__SOURCE DATA__:
section \<open>Entry bounds governed by a superadditive weight\<close>

definition is_pole_order :: "ereal \<Rightarrow> bool" where
  "is_pole_order z \<longleftrightarrow> z = - \<infinity> \<or> (\<exists>m::int. m \<ge> 1 \<and> z = ereal (of_int m))"

lemma weighted_sum_le:
  fixes a b x y z :: int
  assumes "x \<ge> 1" "y \<ge> 1" "x + y \<le> z" "a \<ge> 0" "b \<ge> 0"
  shows "a * x + b * y \<le> max a b * z - \<bar>a - b\<bar>"
proof (cases "b \<le> a")
  case True
  have "a * (x + y) \<le> a * z" "(a - b) * 1 \<le> (a - b) * y"
    using True assms by (intro mult_left_mono; simp)+
  hence "a * x + b * y \<le> a * z - (a - b)"
    by (simp add: algebra_simps)
  thus ?thesis
    using True by simp
next
  case False
  have "b * (x + y) \<le> b * z" "(b - a) * 1 \<le> (b - a) * x"
    using False assms by (intro mult_left_mono; simp)+
  hence "a * x + b * y \<le> b * z - (b - a)"
    by (simp add: algebra_simps)
  thus ?thesis
    using False by simp
qed

locale superadditive_weight =
  fixes n :: nat and \<mu> :: "nat \<Rightarrow> nat \<Rightarrow> ereal"
  assumes is_pole_order_weight: "1 \<le> i \<Longrightarrow> i < j \<Longrightarrow> j \<le> n \<Longrightarrow> is_pole_order (\<mu> i j)"
    and weight_superadditive: "1 \<le> i \<Longrightarrow> i < k \<Longrightarrow> k < j \<Longrightarrow> j \<le> n \<Longrightarrow> \<mu> i k + \<mu> k j \<le> \<mu> i j"
begin

definition supp :: "nat \<Rightarrow> nat \<Rightarrow> bool" where
  "supp i j \<longleftrightarrow> \<mu> i j \<noteq> - \<infinity>"

definition weight :: "nat \<Rightarrow> nat \<Rightarrow> int" where
  "weight i j = \<lfloor>real_of_ereal (\<mu> i j)\<rfloor>"

lemma weight_eq:
  assumes "1 \<le> i" "i < j" "j \<le> n" "supp i j"
  shows "\<mu> i j = ereal (of_int (weight i j))" and weight_pos: "weight i j \<ge> 1"
  using is_pole_order_weight[OF assms(1-3)] assms(4)
  by (auto simp: is_pole_order_def supp_def weight_def)

lemma supp_trans_weight_superadditive:
  assumes "1 \<le> i" "i < k" "k < j" "j \<le> n" "supp i k" "supp k j"
  shows supp_trans: "supp i j" and "weight i k + weight k j \<le> weight i j"
proof -
  have le: "ereal (of_int (weight i k + weight k j)) \<le> \<mu> i j"
    using weight_superadditive[OF assms(1-4)] weight_eq(1)[of i k] weight_eq(1)[of k j] assms
    by simp
  thus "supp i j"
    by (auto simp: supp_def)
  thus "weight i k + weight k j \<le> weight i j"
    using le weight_eq(1)[of i j] assms by simp
qed

definition supp_val_ge :: "nat \<Rightarrow> nat \<Rightarrow> 'a::field fls \<Rightarrow> int \<Rightarrow> bool" where
  "supp_val_ge i j x r \<longleftrightarrow> (if supp i j then val_ge x r else x = 0)"

lemma supp_val_ge_0 [simp]: "supp_val_ge i j 0 r"
  by (simp add: supp_val_ge_def)

lemma supp_val_ge_add: "supp_val_ge i j x r \<Longrightarrow> supp_val_ge i j y r \<Longrightarrow> supp_val_ge i j (x + y) r"
  by (simp add: supp_val_ge_def val_ge_add split: if_splits)

lemma supp_val_ge_uminus [simp]: "supp_val_ge i j (- x) r = supp_val_ge i j x r"
  by (simp add: supp_val_ge_def)

lemma supp_val_ge_sum:
  "(\<And>k. k \<in> S \<Longrightarrow> supp_val_ge i j (f k) r) \<Longrightarrow> supp_val_ge i j (\<Sum>k\<in>S. f k) r"
  by (induction S rule: infinite_finite_induct) (auto intro: supp_val_ge_add)
(* Let $k$ be an even positive integer and $m\geq 1$ an integer. Let $G$ be a connected graph whose complement $\overline{G}$ is isomorphic to the disjoint union of $\frac{k}{2}$ copies of the path $P_5$ (on 5 vertices) and $m$ isolated vertices. Then $G$ has exactly $k$ basis forced vertices and $\dim(G)=k+m-1$.
   Context: All graphs are finite and simple. $\overline{G}$ denotes the complement graph. For vertices $u,v$ of a connected graph $G$, $d(u,v)$ is the length of a shortest $u$–$v$ path. A set $R\subseteq V(G)$ is a resolving set if for all distinct $x,y\in V(G)$ there is $r\in R$ with $d(r,x)\neq d(r,y)$. The metric dimension $\dim(G)$ is the minimum cardinality of a resolving set, and a resolving set of cardinality $\dim(G)$ is a metric basis. A vertex is a basis forced vertex if it belongs to every metric basis of $G$. *)

theory Defs
  imports Main
begin

definition simple_graph :: "'a set \<Rightarrow> ('a \<Rightarrow> 'a \<Rightarrow> bool) \<Rightarrow> bool" where
  "simple_graph V E \<longleftrightarrow> finite V \<and> (\<forall>x y. E x y \<longrightarrow> x \<in> V \<and> y \<in> V)
     \<and> (\<forall>x y. E x y \<longrightarrow> E y x) \<and> (\<forall>x. \<not> E x x)"

definition is_walk :: "('a \<Rightarrow> 'a \<Rightarrow> bool) \<Rightarrow> 'a list \<Rightarrow> 'a \<Rightarrow> 'a \<Rightarrow> bool" where
  "is_walk E xs u v \<longleftrightarrow> xs \<noteq> [] \<and> hd xs = u \<and> last xs = v
     \<and> (\<forall>i. Suc i < length xs \<longrightarrow> E (xs ! i) (xs ! Suc i))"

definition connected_graph :: "'a set \<Rightarrow> ('a \<Rightarrow> 'a \<Rightarrow> bool) \<Rightarrow> bool" where
  "connected_graph V E \<longleftrightarrow> V \<noteq> {} \<and> (\<forall>u\<in>V. \<forall>v\<in>V. \<exists>xs. is_walk E xs u v)"

definition gdist :: "('a \<Rightarrow> 'a \<Rightarrow> bool) \<Rightarrow> 'a \<Rightarrow> 'a \<Rightarrow> nat" where
  "gdist E u v = (LEAST n. \<exists>xs. is_walk E xs u v \<and> length xs = Suc n)"

definition complement :: "'a set \<Rightarrow> ('a \<Rightarrow> 'a \<Rightarrow> bool) \<Rightarrow> 'a \<Rightarrow> 'a \<Rightarrow> bool" where
  "complement V E x y \<longleftrightarrow> x \<in> V \<and> y \<in> V \<and> x \<noteq> y \<and> \<not> E x y"

definition resolving_set :: "'a set \<Rightarrow> ('a \<Rightarrow> 'a \<Rightarrow> bool) \<Rightarrow> 'a set \<Rightarrow> bool" where
  "resolving_set V E R \<longleftrightarrow> R \<subseteq> V \<and>
     (\<forall>x\<in>V. \<forall>y\<in>V. x \<noteq> y \<longrightarrow> (\<exists>r\<in>R. gdist E r x \<noteq> gdist E r y))"

definition metric_dim :: "'a set \<Rightarrow> ('a \<Rightarrow> 'a \<Rightarrow> bool) \<Rightarrow> nat" where
  "metric_dim V E = (LEAST n. \<exists>R. resolving_set V E R \<and> card R = n)"

definition metric_basis :: "'a set \<Rightarrow> ('a \<Rightarrow> 'a \<Rightarrow> bool) \<Rightarrow> 'a set \<Rightarrow> bool" where
  "metric_basis V E B \<longleftrightarrow> resolving_set V E B \<and> card B = metric_dim V E"

definition basis_forced :: "'a set \<Rightarrow> ('a \<Rightarrow> 'a \<Rightarrow> bool) \<Rightarrow> 'a \<Rightarrow> bool" where
  "basis_forced V E v \<longleftrightarrow> v \<in> V \<and> (\<forall>B. metric_basis V E B \<longrightarrow> v \<in> B)"

definition graph_iso :: "'a set \<Rightarrow> ('a \<Rightarrow> 'a \<Rightarrow> bool) \<Rightarrow> 'b set \<Rightarrow> ('b \<Rightarrow> 'b \<Rightarrow> bool) \<Rightarrow> bool" where
  "graph_iso V E W F \<longleftrightarrow> (\<exists>f. bij_betw f V W \<and> (\<forall>x\<in>V. \<forall>y\<in>V. E x y \<longleftrightarrow> F (f x) (f y)))"

text \<open>Disjoint union of p copies of the path P5 (vertices Inl (i,j), i<p, j<5, path 0-1-2-3-4)
  and q isolated vertices (Inr i, i<q).\<close>
definition paths_iso_verts :: "nat \<Rightarrow> nat \<Rightarrow> ((nat \<times> nat) + nat) set" where
  "paths_iso_verts p q = Inl ` ({..<p} \<times> {..<5}) \<union> Inr ` {..<q}"

fun paths_iso_edge :: "nat \<Rightarrow> (nat \<times> nat) + nat \<Rightarrow> (nat \<times> nat) + nat \<Rightarrow> bool" where
  "paths_iso_edge p (Inl (i, j)) (Inl (i', j')) \<longleftrightarrow>
     i < p \<and> i' = i \<and> j < 5 \<and> j' < 5 \<and> (j' = Suc j \<or> j = Suc j')"
| "paths_iso_edge p _ _ \<longleftrightarrow> False"

end

theory Submission
  imports Defs
begin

__WORK INSTRUCTIONS__:
In the listing above, find the line with "and q isolated" and the line with "nat) + nat \<Rightarrow> (nat"; output exactly those lines and all lines between them.

__SOLUTION__:
  and q isolated vertices (Inr i, i<q).\<close>
definition paths_iso_verts :: "nat \<Rightarrow> nat \<Rightarrow> ((nat \<times> nat) + nat) set" where
  "paths_iso_verts p q = Inl ` ({..<p} \<times> {..<5}) \<union> Inr ` {..<q}"

fun paths_iso_edge :: "nat \<Rightarrow> (nat \<times> nat) + nat \<Rightarrow> (nat \<times> nat) + nat \<Rightarrow> bool" where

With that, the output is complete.